Был час отлива, причалы громоздко возвышались над катерами и сейнерами — порою вровень с их мачтами. Грязно чернели мазутом оголенные камни осушки. А от гавани, от светлого широкого плеса перед ней, который только что пересек теплоходик, начиналась узкая горловина Хвал-фиорда, зажатая с обеих сторон хребтинами гор, завьюженных снегом. Над фиордом провисало низкое небо, в излучинах гор курилась поземка, и сужающаяся серость залива размывалась вдали то ли в блуждающих клочьях туч, то ли в тумане пурги.
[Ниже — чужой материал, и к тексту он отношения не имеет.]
(* Let a countable group $G$ act on a set $X$, let $\Phi=(\ell,\phi,\mathcal{Z},\Gamma,\mathcal{H})$ be a chart for $G$, let $0<\epsilon<1/16$, let $q$ satisfy $6\epsilon<q<1/2$, and let $A\subseteq\mathbb{Z}^\ell\times\Gamma$ be a centered rectangle. Suppose $E$ is a $(\Phi,A,\epsilon)$-sub-rectangular equivalence relation on $X$. Let $x\in X^{\mathcal{H}}$ and $1\le i\le\ell$. If $y_1,\dots,y_t\in\partial_i^\Phi(E,q\cdot A)\cap\phi(2^{17\ell}\cdot A)\cdot x$ satisfy $$\phi\big(2^{19\ell}\cdot A^i+5q\cdot A\big)\cdot y_r\cap\phi\big(2^{19\ell}\cdot A^i+5q\cdot A\big)\cdot y_s=\varnothing$$ for all $r\ne s$, then $t\le 2^{22\ell^2}$.
   Context: Rectangles: Let $\Gamma$ be a finite additive abelian group with identity $0_\Gamma$ and $\ell\in\mathbb{N}$. Elements $v$ of $\mathbb{R}^\ell\times\Gamma$ have coordinates $v_1,\dots,v_\ell\in\mathbb{R}$, $v_{\ell+1}\in\Gamma$; $\mathbf{0}$ has first $\ell$ coordinates $0$, last $0_\Gamma$; $e_i$ has $i$-th coordinate $1$, other real coordinates $0$, last $0_\Gamma$; $\lambda\cdot v=(\lambda v_1,\dots,\lambda v_\ell,v_{\ell+1})$. $\mathrm{Rec}(a)=\{b\in\mathbb{Z}^\ell\times\Gamma: -|a_i|\le b_i\le|a_i|,\ 1\le i\le\ell\}$. A rectangle is $c+\mathrm{Rec}(a)$ with $c,a\in\mathbb{Z}^\ell\times\Gamma$; uniquely written with center $c\in\mathbb{Z}^\ell\times\{0_\Gamma\}$ and radius vector $\mathrm{L}(A)=a\in\mathbb{N}^\ell\times\{0_\Gamma\}$, entries $\mathrm{L}_i(A)$. Centered means center $\mathbf{0}$. $A\sqsubseteq B$ means $\mathrm{L}_i(A)\le\mathrm{L}_i(B)$ for all $i$. For $\lambda>0$, $\lambda\cdot A=c+\mathrm{Rec}(\lambda\cdot\mathrm{L}(A))$ ($c$ the center of $A$). $A^i=c+\mathrm{Rec}(\mathrm{L}(A)-\mathrm{L}_i(A)\cdot e_i)$, and $\lambda\cdot A^i$ means $\lambda\cdot(A^i)$. Sums are elementwise. Charts: a chart for $G$ is $\Phi=(\ell,\phi,\mathcal{Z},\Gamma,\mathcal{H})$ with $\mathcal{H}$ a finite collection of pairwise conjugate subgroups of $G$, $\Gamma$ finite abelian, $\mathcal{Z}$ a centered rectangle with all $\mathrm{L}_i(\mathcal{Z})>0$, $\phi$ an injective map into $G$ with $\mathrm{dom}(\phi)$ a centered rectangle containing $3\cdot\mathcal{Z}$, $\phi(\mathbf{0})=1_G$, and for all $r,s\in\mathrm{dom}(\phi)$, $H\in\mathcal{H}$: $\phi(r)H=\phi(s)H\Rightarrow r=s$; $r+s+\mathcal{Z}\subseteq\mathrm{dom}(\phi)\Rightarrow\exists z\in\mathcal{Z}:\phi(r)\phi(s)H=\phi(r+s+z)H$; $r-s+\mathcal{Z}\subseteq\mathrm{dom}(\phi)\Rightarrow\exists z:\phi(r)\phi(s)^{-1}H=\phi(r-s+z)H$; $-r+s+\mathcal{Z}\subseteq\mathrm{dom}(\phi)\Rightarrow\exists z:\phi(r)^{-1}\phi(s)H=\phi(-r+s+z)H$; $-s+\mathcal{Z}\subseteq\mathrm{dom}(\phi)\Rightarrow\exists z:\phi(s)^{-1}H=\phi(-s+z)H$. $\phi(S)\cdot x=\{\phi(s)\cdot x:s\in S\}$; $X^{\mathcal{H}}=\{x\in X:\mathrm{Stab}(x)\in\mathcal{H}\}$. Rough rectangles: for a rectangle $B$ with $2\cdot B\subseteq\mathrm{dom}(\phi)$, $x\in X^{\mathcal{H}}$, $0<\delta<1$, $R\subseteq X$ is $(\Phi,\delta)$-roughly $B$ at $x$ if $2\cdot\mathcal{Z}\sqsubseteq\delta\cdot B$ and $\phi((1-\delta)\cdot B)\cdot x\subseteq R\subseteq\phi((1+\delta)\cdot B)\cdot x$. Rectangular: for $A$ centered and $0<\epsilon<1$, an equivalence relation $F$ is $(\Phi,A,\epsilon)$-rectangular if every $F$-class not meeting $X^{\mathcal{H}}$ is a singleton and every $F$-class $U$ meeting $X^{\mathcal{H}}$ is $(\Phi,\delta)$-roughly $B$ at some point of $X^{\mathcal{H}}$ for some $\delta>0$ and rectangle $B$ with $A\sqsubseteq B$, $2^{22\ell}\cdot B\subseteq\mathrm{dom}(\phi)$, $2\delta\cdot B\sqsubseteq\epsilon\cdot A$. $E$ is $(\Phi,A,\epsilon)$-sub-rectangular if it contains a $(\Phi,A,\epsilon)$-rectangular sub-equivalence relation. Boundary: for $A'\subseteq\mathrm{dom}(\phi)$ centered and $1\le i\le\ell$, $\partial_i^\Phi(E,A')$ is the set of $x\in X^{\mathcal{H}}$ with $[\phi(A'^i-\mathrm{L}_i(A')\cdot e_i)\cdot x]_E\cap[\phi(A'^i+\mathrm{L}_i(A')\cdot e_i)\cdot x]_E=\varnothing$, $[Y]_E$ denoting $E$-saturation. *)

theory Defs
  imports "HOL-Algebra.Group_Action" "HOL-Algebra.Coset" "HOL-Library.Countable_Set" Complex_Main
begin
lemma trans_prob_pos:
  assumes s: "s \<in> alphabet" and s': "s' \<in> alphabet" and m: "2 * int n < int m"
  shows "trans_prob N (\<lambda>t m. m t) m s s' > 0"
proof -
  interpret N: prob_space N by (rule prob_space_N)
  define v where "v = inv_into blocks g s"
  define v' where "v' = inv_into blocks g s'"
  have vB: "v \<in> blocks" and gv: "g v = s" using g_inv_into_blocks s unfolding v_def by auto
  have vB': "v' \<in> blocks" and gv': "g v' = s'" using g_inv_into_blocks s' unfolding v'_def by auto
  define w where "w = (\<lambda>i::int. if i = 0 then v' else v)"
  have m0: "int m \<noteq> 0" using m by simp
  have num: "{\<omega>\<in>space N. \<omega> (int m) = s \<and> \<omega> 0 = s'}
      = {\<omega>\<in>space N. \<forall>i\<in>{0, int m}. \<omega> i = g (w i)}"
    unfolding w_def using gv gv' m0 by auto
  have "measure N {\<omega>\<in>space N. \<forall>i\<in>{0, int m}. \<omega> i = g (w i)} = measure NB (block_cylinder {0, int m} w)"
    by (rule measure_N_block_cylinder) (use vB vB' in \<open>auto simp: w_def\<close>)
  also have "\<dots> > 0" unfolding w_def by (rule measure_block_cylinder_pair_pos[OF vB vB' m])
  finally have pnum: "measure N {\<omega>\<in>space N. \<omega> (int m) = s \<and> \<omega> 0 = s'} > 0" unfolding num .
  have "{\<omega>\<in>space N. \<omega> 0 = s'} \<in> sets N"
    using seq_event_in_sets[of "{0}" "\<lambda>_. {s'}"] by (simp add: sets_N space_N)
  then have "measure N {\<omega>\<in>space N. \<omega> (int m) = s \<and> \<omega> 0 = s'} \<le> measure N {\<omega>\<in>space N. \<omega> 0 = s'}"
    by (intro N.finite_measure_mono) auto
  then show ?thesis unfolding trans_prob_def using pnum by simp
qed

lemma irreducible_N: "irreducible_proc N (\<lambda>t m. m t) alphabet"
  unfolding irreducible_proc_def
proof (intro ballI)
  fix s s' assume "s \<in> alphabet" "s' \<in> alphabet"
  then show "\<exists>k. 1 \<le> k \<and> 0 < trans_prob N (\<lambda>t m. m t) k s s'"
    by (intro exI[of _ "2 * n + 1"]) (auto intro!: trans_prob_pos)
qed

lemma aperiodic_N: "aperiodic_proc N (\<lambda>t m. m t) alphabet"
  unfolding aperiodic_proc_def
proof (intro ballI)
  fix s assume s: "s \<in> alphabet"
  let ?A = "{m. 1 \<le> m \<and> 0 < trans_prob N (\<lambda>t m. m t) m s s}"
  have a1: "2 * n + 1 \<in> ?A" using s by (auto intro!: trans_prob_pos)
  have a2: "2 * n + 2 \<in> ?A" using s by (auto intro!: trans_prob_pos)
  have g1: "Gcd ?A dvd 2 * n + 1" using a1 by (rule Gcd_dvd)
  have g2: "Gcd ?A dvd 2 * n + 2" using a2 by (rule Gcd_dvd)
  have "Gcd ?A dvd (2 * n + 2) - (2 * n + 1)" by (rule dvd_diff_nat[OF g2 g1])
  then show "Gcd ?A = 1" by simp
qed


definition decoding :: "(int \<Rightarrow> 'a) \<Rightarrow> (int \<Rightarrow> 'b)" where "decoding y = (\<lambda>i. inv_into blocks g (y i) 0)"

lemma decoding_coding: "x \<in> typical \<Longrightarrow> decoding (coding x) = x"
  unfolding decoding_def by (auto simp: fun_eq_iff coding_typical block_typical inj_on_g block_0)

lemma inj_on_coding: "inj_on coding typical"
  by (rule inj_on_inverseI[where g=decoding]) (rule decoding_coding)

lemma measurable_decoding: "decoding \<in> seq_space alphabet \<rightarrow>\<^sub>M seq_space S"
proof -
  have "(\<lambda>y i. inv_into blocks g (y i) 0) \<in> seq_space alphabet \<rightarrow>\<^sub>M PiM UNIV (\<lambda>_. count_space S)"
  proof (rule measurable_PiM_single'[where f="\<lambda>i y. inv_into blocks g (y i) 0"])
    fix i :: int
    have f: "(\<lambda>a. inv_into blocks g a 0) \<in> count_space alphabet \<rightarrow>\<^sub>M count_space S"
      using g_inv_into_blocks zero_in_W support_subset unfolding measurable_count_space_eq1 blocks_def by (auto simp: PiE_iff)
    show "(\<lambda>y. inv_into blocks g (y i) 0) \<in> seq_space alphabet \<rightarrow>\<^sub>M count_space S"
      by (rule measurable_compose[OF measurable_coordinate f])
  next
    show "(\<lambda>y i. inv_into blocks g (y i) 0) \<in> space (seq_space alphabet) \<rightarrow> PiE UNIV (\<lambda>i. space (count_space S))"
      using g_inv_into_blocks zero_in_W support_subset unfolding blocks_def by (auto simp: PiE_iff space_seq_space)
  qed
  then show ?thesis unfolding decoding_def seq_space_def[of S] .
qed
Лухманову почему-то подумалось, что Хвал-фиорд уползал не в глубину Исландского острова, подальше от океана, а в сумерки зимнего хмурого дня.
Город, конечно, разросся, но оказался не так многолюден, как в сорок втором. Еще бы! Тогда здесь околачивалось множество моряков — английских, американских, норвежских, голландских, панамских и бог его знает каких еще… Жизнь в океане стоила дешево, и моряки полагали, что берег обязан вознаграждать за опасности и лишения рейсов. Томимые бездельем, они то и дело скандалили, недовольные тем, что в Акранесе было запрещено спиртное. Однако и без спиртного то здесь, то там возникали драки и потасовки. Женщины опасались появляться на улицах. У английских солдат, которые несли ответственность за порядок, хватало и забот, и работы.
Морякам, что отправлялись в Советский Союз в составе конвоев, платили в союзных странах двойное жалованье и наградные. Конечно, большинство моряков шло в опасные рейсы не ради денег. Фашизм поработил Европу, угрожал всему миру, и многие понимали, что судьба мира, как и будущее Европы, зависела от того, выстоит ли в битве с гитлеровской Германией Советский Союз. В борьбу с фашизмом включалось все больше народов, и моряки союзных стран сражались в океане во имя победы над общим врагом. Это были настоящие и верные боевые друзья, и память о них Лухманов считал священной.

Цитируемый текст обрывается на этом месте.